Pada April lalu, misalnya, saat Pusat Kontrol Penyakit AS (CDC) merekomendasi masyarakat mengenakan masker atau penutup wajah berbahan kain untuk mencegah penyebaran COVID-19, Trump berkata kepada pers bahwa dirinya tidak akan menjalankan anjuran tersebut.

Baca Juga :   Dimakzulkan DPR, Trump Tampaknya Bakal Aman Jadi Presiden AS

“Saya rasa saya tidak akan melakukannya. Memakai masker saat saya bersalaman dengan presiden, perdana menteri, diktator, raja, ratu? Saya tidak bisa membayangkannya,” kata Presiden Trump sinis.

Dia bahkan secara terbuka pernah mengolok Joe Biden, calon lawannya dalam Pemilihan Presiden AS dari Partai Demokrat yang selalu bermasker di ruang publik.

Menurut beberapa laporan, perubahan sikap Trump ini akibat bisikan dari orang-orang di ring-1. Tampaknya tak bermasker bisa menghilangkan simpati publik dan menurunkan elektabilitas menjelang Pilpres AS yang dijadwalkan 2 November 2020.

Jika informasi itu sahih, maka menjadi wajar jika Trump berubah sikap 180 derajat. Kini dia bahkan membantah tak mendukung penggunaan masker.

Baca Juga :   Mengapa Presiden Korsel Lebih Mementingkan Menhan Ryamizard Dibanding Presiden Trump?

“Saya tidak pernah menolak masker, tapi saya yakin ada faktor waktu dan tempat untuk memakainya,” kata Trump saat meninggalkan Gedung Putih sebelum kunjungan ke rumah sakit itu.

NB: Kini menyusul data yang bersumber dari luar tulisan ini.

(* Let $\rho:\mathbb R\to[0,\infty)$ be strictly convex with $\rho(0)=0$. For a nonempty finite index set $T$ and real numbers $(Y_i)_{i\in T}$ let $m_T$ denote the minimizer over $\mu\in\mathbb R$ of $\sum_{i\in T}\rho(Y_i-\mu)$. Then for every nonempty finite index set $S$, every family of real numbers $(Y_i)_{i\in S}$ and every partition $S=\bigcup_{j}S_j$ into finitely many pairwise disjoint nonempty sets $S_j$, \[\min_j m_{S_j}\le m_S\le \max_j m_{S_j}.\] *)

theory Defs
  imports "HOL-Analysis.Analysis" "HOL-Library.Disjoint_Sets"
begin

definition strictly_convex :: "(real \<Rightarrow> real) \<Rightarrow> bool" where
  "strictly_convex f \<longleftrightarrow>
     (\<forall>x y t. x \<noteq> y \<longrightarrow> 0 < t \<longrightarrow> t < 1 \<longrightarrow>
        f ((1 - t) * x + t * y) < (1 - t) * f x + t * f y)"

definition loc_min :: "(real \<Rightarrow> real) \<Rightarrow> ('a \<Rightarrow> real) \<Rightarrow> 'a set \<Rightarrow> real" where
  "loc_min rho Y T =
     (THE mu. \<forall>nu. (\<Sum>i\<in>T. rho (Y i - mu)) \<le> (\<Sum>i\<in>T. rho (Y i - nu)))"

end

theory Submission
  imports Defs
begin

text \<open>Each block objective is convex and minimized at its own location estimate, hence
  nondecreasing on the far side of that minimizer. If the pooled minimizer m lay outside the
  interval [a, b] spanned by the block minimizers, then moving m to the nearest point of
  [a, b] would decrease every block objective, hence their sum, the pooled objective;
  uniqueness of the pooled minimizer, which comes from strict convexity, forces m \<in> [a, b].
  Strict convexity together with \<open>rho \<ge> 0\<close> and \<open>rho 0 = 0\<close> makes rho, and hence the
  objective, grow at least linearly, so that the minimizer exists at all.\<close>

definition loc_objective :: "(real \<Rightarrow> real) \<Rightarrow> ('a \<Rightarrow> real) \<Rightarrow> 'a set \<Rightarrow> real \<Rightarrow> real" where
  "loc_objective rho Y T mu = (\<Sum>i\<in>T. rho (Y i - mu))"

lemma strictly_convexD:
  assumes "strictly_convex f" "x \<noteq> y" "0 < t" "t < 1"
  shows "f ((1 - t) * x + t * y) < (1 - t) * f x + t * f y"
  using assms unfolding strictly_convex_def by blast

lemma strictly_convex_imp_convex_on:
  assumes "strictly_convex f"
  shows "convex_on UNIV f"
proof (rule convex_onI)
  fix t x y :: real
  assume t: "0 < t" "t < 1"
  show "f ((1 - t) *\<^sub>R x + t *\<^sub>R y) \<le> (1 - t) * f x + t * f y"
  proof (cases "x = y")
    case True
    then show ?thesis by (simp add: algebra_simps)
  next
    case False
    then show ?thesis using strictly_convexD[OF assms False t] by simp
  qed
qed simp

lemma strictly_convex_loc_objective:
  assumes "strictly_convex rho" "finite T" "T \<noteq> {}"
  shows "strictly_convex (loc_objective rho Y T)"
  unfolding strictly_convex_def loc_objective_def
proof (intro allI impI)
  fix x y t :: real
  assume "x \<noteq> y" "0 < t" "t < 1"
  have "(\<Sum>i\<in>T. rho (Y i - ((1 - t) * x + t * y)))
      < (\<Sum>i\<in>T. (1 - t) * rho (Y i - x) + t * rho (Y i - y))"
  proof (rule sum_strict_mono[OF assms(2,3)])
    fix i
    have "Y i - ((1 - t) * x + t * y) = (1 - t) * (Y i - x) + t * (Y i - y)"
      by (simp add: algebra_simps)
    then show "rho (Y i - ((1 - t) * x + t * y)) < (1 - t) * rho (Y i - x) + t * rho (Y i - y)"
      using strictly_convexD[OF assms(1), of "Y i - x" "Y i - y" t] \<open>x \<noteq> y\<close> \<open>0 < t\<close> \<open>t < 1\<close>
      by simp
  qed
  then show "(\<Sum>i\<in>T. rho (Y i - ((1 - t) * x + t * y)))
      < (1 - t) * (\<Sum>i\<in>T. rho (Y i - x)) + t * (\<Sum>i\<in>T. rho (Y i - y))"
    by (simp add: sum.distrib sum_distrib_left)
qed

lemma strictly_convex_minimizer_unique:
  assumes "strictly_convex f" "\<forall>z. f x \<le> f z" "\<forall>z. f y \<le> f z"
  shows "x = y"
proof (rule ccontr)
  assume "x \<noteq> y"
  then have "f ((x + y) / 2) < (f x + f y) / 2"
    using strictly_convexD[OF assms(1), of x y "1/2"] by (simp add: add_divide_distrib)
  moreover have "f x = f y"
    using assms(2,3) by (meson order.antisym)
  ultimately show False
    using assms(2) by (metis add_divide_distrib field_sum_of_halves not_le)
qed

lemma convex_on_scale_ge:
  fixes f :: "real \<Rightarrow> real"
  assumes "convex_on UNIV f" "f 0 = 0" "1 \<le> t"
  shows "t * f x \<le> f (t * x)"
proof -
  have "f ((1 - 1/t) * 0 + (1/t) * (t * x)) \<le> (1 - 1/t) * f 0 + (1/t) * f (t * x)"
    using convex_onD[OF assms(1), of "1/t" 0 "t * x"] assms(3) by simp
  then have "f x \<le> f (t * x) / t"
    using assms(2,3) by simp
  then show ?thesis
    using assms(3) by (simp add: mult.commute pos_le_divide_eq)
qed

lemma strictly_convex_linear_growth:
  assumes "strictly_convex rho" "\<And>x. rho x \<ge> 0" "rho 0 = 0"
  obtains c where "c > 0" "\<And>z. 1 \<le> \<bar>z\<bar> \<Longrightarrow> c * \<bar>z\<bar> \<le> rho z"
proof
  have pos: "rho z > 0" if "z \<noteq> 0" for z
  proof -
    have "rho ((1 - 1/2) * 0 + (1/2) * z) < (1 - 1/2) * rho 0 + (1/2) * rho z"
      using strictly_convexD[OF assms(1), of 0 z "1/2"] that by simp
    then show ?thesis
      using assms(2)[of "z/2"] assms(3) by simp
  qed
  show "min (rho 1) (rho (-1)) > 0"
    using pos[of 1] pos[of "-1"] by simp
  fix z :: real
  assume z: "1 \<le> \<bar>z\<bar>"
  have "\<bar>z\<bar> * rho (sgn z) \<le> rho (\<bar>z\<bar> * sgn z)"
    using convex_on_scale_ge[OF strictly_convex_imp_convex_on[OF assms(1)] assms(3) z] .
  moreover have "min (rho 1) (rho (-1)) \<le> rho (sgn z)"
    using z by (auto simp: sgn_if)
  ultimately show "min (rho 1) (rho (-1)) * \<bar>z\<bar> \<le> rho z"
    using z by (metis abs_ge_zero mult.commute mult_left_mono order.trans abs_mult_sgn)
qed

lemma continuous_attains_global_min:
  fixes f :: "real \<Rightarrow> real"
  assumes "continuous_on UNIV f" "0 \<le> R" "\<And>x. R < \<bar>x\<bar> \<Longrightarrow> f 0 \<le> f x"
  obtains m where "\<And>x. f m \<le> f x"
proof -
  obtain m where m: "m \<in> cball 0 R" "\<And>y. y \<in> cball 0 R \<Longrightarrow> f m \<le> f y"
    using continuous_attains_inf[of "cball 0 R" f] continuous_on_subset[OF assms(1)] assms(2)
    by auto
  have "f m \<le> f x" for x
  proof (cases "\<bar>x\<bar> \<le> R")
    case True
    then show ?thesis using m(2) by simp
  next
    case False
    then show ?thesis using m(2)[of 0] assms(2) assms(3)[of x] by simp
  qed
  then show thesis ..
qed

lemma loc_objective_has_minimizer:
  assumes "strictly_convex rho" "\<And>x. rho x \<ge> 0" "rho 0 = 0" "finite T" "T \<noteq> {}"
  obtains m where "\<And>nu. loc_objective rho Y T m \<le> loc_objective rho Y T nu"
proof -
  let ?F = "loc_objective rho Y T"
  obtain c where c: "c > 0" "\<And>z. 1 \<le> \<bar>z\<bar> \<Longrightarrow> c * \<bar>z\<bar> \<le> rho z"
    using strictly_convex_linear_growth[OF assms(1-3)] by blast
  obtain i0 where i0: "i0 \<in> T"
    using assms(5) by blast
  have cont: "continuous_on UNIV ?F"
    by (intro convex_on_continuous open_UNIV strictly_convex_imp_convex_on
        strictly_convex_loc_objective assms(1,4,5))
  have "?F 0 \<le> ?F nu" if nu: "\<bar>Y i0\<bar> + max 1 (?F 0 / c) < \<bar>nu\<bar>" for nu
  proof -
    have far: "max 1 (?F 0 / c) < \<bar>Y i0 - nu\<bar>"
      using nu by linarith
    have "?F 0 = c * (?F 0 / c)"
      using c(1) by simp
    also have "\<dots> \<le> c * \<bar>Y i0 - nu\<bar>"
      using far c(1) by (intro mult_left_mono) auto
    also have "\<dots> \<le> rho (Y i0 - nu)"
      using far c(2) by simp
    also have "\<dots> \<le> ?F nu"
      unfolding loc_objective_def
      using member_le_sum[of i0 T "\<lambda>i. rho (Y i - nu)"] i0 assms(2,4) by simp
    finally show ?thesis .
  qed
  then obtain m where "\<And>nu. ?F m \<le> ?F nu"
    using continuous_attains_global_min[OF cont, where R = "\<bar>Y i0\<bar> + max 1 (?F 0 / c)"] by fastforce
  then show thesis ..
qed

lemma loc_min_eqI:
  assumes "strictly_convex rho" "finite T" "T \<noteq> {}"
    and "\<And>nu. loc_objective rho Y T m \<le> loc_objective rho Y T nu"
  shows "loc_min rho Y T = m"
proof -
  have "\<exists>!m. \<forall>nu. loc_objective rho Y T m \<le> loc_objective rho Y T nu"
    using assms(4) strictly_convex_minimizer_unique[OF strictly_convex_loc_objective[OF assms(1-3)]]
    by blast
  from the1_equality[OF this] assms(4) show ?thesis
    by (simp add: loc_min_def loc_objective_def)
qed

lemma loc_min_minimizes:
  assumes "strictly_convex rho" "\<And>x. rho x \<ge> 0" "rho 0 = 0" "finite T" "T \<noteq> {}"
  shows "loc_objective rho Y T (loc_min rho Y T) \<le> loc_objective rho Y T nu"
proof -
  obtain m where "\<And>nu. loc_objective rho Y T m \<le> loc_objective rho Y T nu"
    using loc_objective_has_minimizer[OF assms, where Y = Y] by blast
  with loc_min_eqI[OF assms(1,4,5)] show ?thesis
    by metis
qed

lemma convex_on_le_beyond_minimizer:
  fixes f :: "real \<Rightarrow> real"
  assumes "convex_on UNIV f" "\<And>z. f a \<le> f z" "min a y \<le> x" "x \<le> max a y"
  shows "f x \<le> f y"
proof (cases "a = y")
  case True
  then show ?thesis using assms(3,4) by simp
next
  case False
  define t where "t = (x - a) / (y - a)"
  have t: "0 \<le> t" "t \<le> 1"
    using False assms(3,4) by (auto simp: t_def divide_simps min_def max_def split: if_splits)
  have "(1 - t) * a + t * y = a + t * (y - a)"
    by (simp add: algebra_simps)
  then have "x = (1 - t) * a + t * y"
    using False by (simp add: t_def)
  then have "f x \<le> (1 - t) * f a + t * f y"
    using convex_onD[OF assms(1) t] by simp
  also have "\<dots> \<le> (1 - t) * f y + t * f y"
    using assms(2)[of y] t by (intro add_right_mono mult_left_mono) auto
  finally show ?thesis
    by (simp add: algebra_simps)
qed

lemma loc_objective_partition:
  assumes "partition_on S P" "finite S"
  shows "loc_objective rho Y S mu = (\<Sum>B\<in>P. loc_objective rho Y B mu)"
proof -
  have "\<forall>B\<in>P. finite B"
    using assms by (metis Union_upper finite_subset partition_onD1)
  then show ?thesis
    unfolding loc_objective_def partition_onD1[OF assms(1)]
    using sum.Union_disjoint_sets partition_onD2[OF assms(1)] by simp
qed

lemma loc_min_partition_bounds:
  assumes rho: "strictly_convex rho" "\<And>x. rho x \<ge> 0" "rho 0 = 0"
    and S: "finite S" "S \<noteq> {}" and P: "partition_on S P"
    and blocks: "\<And>B. B \<in> P \<Longrightarrow> loc_min rho Y B \<in> {a..b}"
  shows "loc_min rho Y S \<in> {a..b}"
proof -
  let ?F = "loc_objective rho Y"
  define m where "m = loc_min rho Y S"
  define c where "c = max a (min b m)"
  have block_ne: "finite B" "B \<noteq> {}" if "B \<in> P" for B
    using that S(1) P by (auto simp: partition_on_def intro: finite_subset)
  obtain B0 where "B0 \<in> P"
    using S(2) P by (auto simp: partition_on_def)
  then have "a \<le> b"
    using blocks by fastforce
  have "?F B c \<le> ?F B m" if B: "B \<in> P" for B
  proof (rule convex_on_le_beyond_minimizer[where f = "?F B" and a = "loc_min rho Y B"])
    show "convex_on UNIV (?F B)"
      using strictly_convex_imp_convex_on strictly_convex_loc_objective rho(1) block_ne[OF B] by blast
    show "?F B (loc_min rho Y B) \<le> ?F B z" for z
      using loc_min_minimizes[OF rho block_ne[OF B]] .
    show "min (loc_min rho Y B) m \<le> c" "c \<le> max (loc_min rho Y B) m"
      using blocks[OF B] by (auto simp: c_def)
  qed
  then have "?F S c \<le> ?F S m"
    unfolding loc_objective_partition[OF P S(1)] by (rule sum_mono)
  then have "?F S c \<le> ?F S nu" for nu
    using loc_min_minimizes[OF rho S, of Y nu] unfolding m_def by linarith
  then have "m = c"
    unfolding m_def using loc_min_eqI[OF rho(1) S] by blast
  moreover have "c \<in> {a..b}"
    using \<open>a \<le> b\<close> by (simp add: c_def)
  ultimately show ?thesis
    by (simp add: m_def)
qed

theorem lemma3p2:
  fixes rho :: "real \<Rightarrow> real" and Y :: "'a \<Rightarrow> real"
    and S :: "'a set" and P :: "'a set set"
  assumes "strictly_convex rho"
    and "\<And>x. rho x \<ge> 0"
    and "rho 0 = 0"
    and "finite S" and "S \<noteq> {}"
    and "partition_on S P"
  shows "Min ((\<lambda>B. loc_min rho Y B) ` P) \<le> loc_min rho Y S
       \<and> loc_min rho Y S \<le> Max ((\<lambda>B. loc_min rho Y B) ` P)"
proof -
  have "finite P"
    using assms(4,6) by (metis finite_UnionD partition_onD1)
  then have "loc_min rho Y B \<in> {Min (loc_min rho Y ` P)..Max (loc_min rho Y ` P)}"
    if "B \<in> P" for B
    using that by simp
  from loc_min_partition_bounds[OF assms this] show ?thesis
    by simp
qed

end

Trump bahkan sempat bercanda dengan wartawan bahwa dia suka dengan penampilannya bermasker.

“Saya jadi mirip Lone Ranger ya,” selorohnya.

Terlepas Trump bermasker atau tidak, pada Sabtu pukul 20.30 waktu setempat, penambahan harian penderita positif COVID-19 di AS mencapai 66.528 kasus yang merupakan rekor tertinggi selama ini. Menurut data Johns Hopkins University, total sekitar 135.000 orang telah meninggal di AS akibat virus Corona.

Kita tunggu saja, apakah ke depan Trump akan selalu bermasker, atau dia jujur saat mengatakan dirinya hanya bermasker karena mengunjungi rumah sakit.(bim)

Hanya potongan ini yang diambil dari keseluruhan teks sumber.